There is certainly potential for business given as little as 5 percent of China’s 8 million hectares of aquaculture ponds are insured, according to the 2014 edition of the China Fisheries Yearbook, a government-published collection of statistics. With Chinese seafood production under pressure from a rising cost base, officials including the top fisheries (and vice minister for agriculture) official Niu Dun have frequently stated that better insurance coverage will encourage smaller producers in particular to up their production in the knowledge that their production is covered.

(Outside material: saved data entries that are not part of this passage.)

lemma rect_majorant_integral_le:
  fixes L L' :: nat and e e' :: "nat \<Rightarrow> nat"
  assumes e: "tame_grid e (2^L)" and e': "tame_grid e' (2^L')"
  shows "integrable M (rect_majorant e L e' L')"
    "(\<integral>x. rect_majorant e L e' L' x \<partial>M)
       \<le> 130 * ((real L + 1)^2 * (real L' + 1)^2 * coef_mass {e 0<..e (2^L)} {e' 0<..e' (2^L')})"
proof -
  note mono = tame_grid_mono[OF e] tame_grid_mono[OF e']
  define G where "G = coef_mass {e 0<..e (2^L)} {e' 0<..e' (2^L')}"
  note rm2 = rm_majorant2_integral[OF mono, of L L']
  note integrable = fst_cell_rm_average_integrable[OF mono(2)] snd_cell_rm_average_integrable[OF mono(1)]
    cell_square_average_integrable
  show "integrable M (rect_majorant e L e' L')"
    unfolding rect_majorant_def[abs_def] using rm2 integrable
    by (intro integrable_mult_right Bochner_Integration.integrable_add Bochner_Integration.integrable_sum) auto
  have "(\<integral>x. rect_majorant e L e' L' x \<partial>M) = 5 * (G + (L+1) * (L'+1) * ((L+1) * (L'+1) * G)
     + (L'+1) * (\<Sum>t<2^L. (\<integral>x. fst_cell_rm_average e t e' L' x \<partial>M))
     + (L+1) * (\<Sum>s<2^L'. (\<integral>x. snd_cell_rm_average e L e' s x \<partial>M))
     + (\<Sum>t<2^L. \<Sum>s<2^L'. (\<integral>x. cell_square_average e t e' s x \<partial>M)))"
    unfolding rect_majorant_def using rm2 integrable
    by (simp add: Bochner_Integration.integral_sum Bochner_Integration.integrable_sum
          Bochner_Integration.integral_add Bochner_Integration.integrable_add G_def)
       (simp add: algebra_simps)
  also have "\<dots> \<le> 5 * (G + (L+1) * (L'+1) * ((L+1) * (L'+1) * G)
     + (L'+1) * (4 * (L'+1) * G) + (L+1) * (4 * (L+1) * G) + 16 * G)"
    using sum_fst_cell_rm_average_integral_le[OF e mono(2), of L'] sum_snd_cell_rm_average_integral_le[OF mono(1) e', of L]
      sum_cell_square_average_integral_le[OF e e'] unfolding G_def
    by (intro mult_left_mono add_mono order_refl) auto
  also have "\<dots> = 5 * (17 * G + (real L + 1)^2 * (real L' + 1)^2 * G + 4 * ((real L' + 1)^2 * G) + 4 * ((real L + 1)^2 * G))"
    by (simp add: power2_eq_square algebra_simps)
  also have "\<dots> \<le> 130 * ((real L + 1)^2 * (real L' + 1)^2 * G)"
  proof -
    let ?X = "(real L + 1)^2 * (real L' + 1)^2"
    have G: "G \<ge> 0" unfolding G_def by (rule coef_mass_nonneg)
    have one: "1 \<le> (real L + 1)^2" "1 \<le> (real L' + 1)^2" by simp_all
    have lin: "a \<le> X \<Longrightarrow> b \<le> X \<Longrightarrow> 1 \<le> X \<Longrightarrow> 5 * (17 + X + 4 * b + 4 * a) \<le> 130 * X"
      for a b X :: real by (simp add: algebra_simps)
    have "(real L + 1)^2 \<le> ?X" "(real L' + 1)^2 \<le> ?X" "1 \<le> ?X"
      using mult_left_mono[OF one(2), of "(real L + 1)^2"] mult_right_mono[OF one(1), of "(real L' + 1)^2"]
        mult_mono[OF one] by simp_all
    then have "5 * (17 + ?X + 4 * (real L' + 1)^2 + 4 * (real L + 1)^2) \<le> 130 * ?X"
      by (intro lin)
    from mult_right_mono[OF this G] show ?thesis
      by (simp add: algebra_simps)
  qed
  finally show "(\<integral>x. rect_majorant e L e' L' x \<partial>M)
       \<le> 130 * ((real L + 1)^2 * (real L' + 1)^2 * coef_mass {e 0<..e (2^L)} {e' 0<..e' (2^L')})"
    unfolding G_def .
qed

end

context orthonormal_double_series
begin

The loss ratio for some insurers of shrimp ponds ran as high as 1,400 percent, according to a Seafoodsource analysis of settlements by Anxin and PICC. Not surprisingly, commercial insurers have shied away from the Chinese aquaculture sector. Likewise, it’s been very hard to attract the reinsurance market to China’s aquaculture and fisheries insurance policies.

Under Niu Dun’s direction, the government has recently also been encouraging better sharing of information, with the ministry of agriculture compelling some key production regions and markets to publish information on pricing and production in a timely manner. The idea being that farmers will base species selection and time production according to market trends.

Government-subsidized mutual insurance schemes are proving central to China’s plan to extend coverage. Reducing costs and extending insurance through mutual organizations of multiple seafood producers has been key to insurance coverage elsewhere, helping to improve the bankability of the industry, which remains divided between big operators that count accurately and small players with little know-how in collecting data on stocks.

Mutuals include Jiangsu Fishery Mutual Insurance Association, a government-supported body seeking to expand insurance among local producers. Based in Nantong city, a hotbed of crab production, the Association has worked with local aquaculture cooperatives of freshwater crab breeders. Aside from sharing risk, mutual insurance schemes also help prevent insurance fraud and risk management — two problems that have turned commercial insurers off the aquaculture and agriculture markets in China. The nature of mutual insurance means members can regulate and weed out false claims within their membership while also building up data that helps insurance companies, according to secretary general of the Association, Chen Yao.

Foreign insurers have been keen to access the Chinese insurance market, which is growing fast with overall CNY 5 trillion (USD 805 billion; EUR 722 billion) in policies written in 2014, according to the China Insurance Regulatory Commission. But China has made it difficult for foreign insurers to enter the market, according to a Beijing-based executive at a major European insurer seeking to expand in China.

“Since the big local players are state owned companies they have a lot of political influence. Government has allowed multinationals into areas that the local firms don’t want to cover, like agriculture and fisheries,” said the executive, who asked not to be named. China is “a big challenge” for multinationals, he added, “given you’re starting from scratch and without quality research or local operations. My sense is that the local firms want to see how risk analysis and pricing is done and learn from this.”

Several dilemmas remain: While the state-run insurance sector has been liberalized this has meant more commercially driven operators are less willing than ever to engage what are perceived to be risky sectors like aquaculture.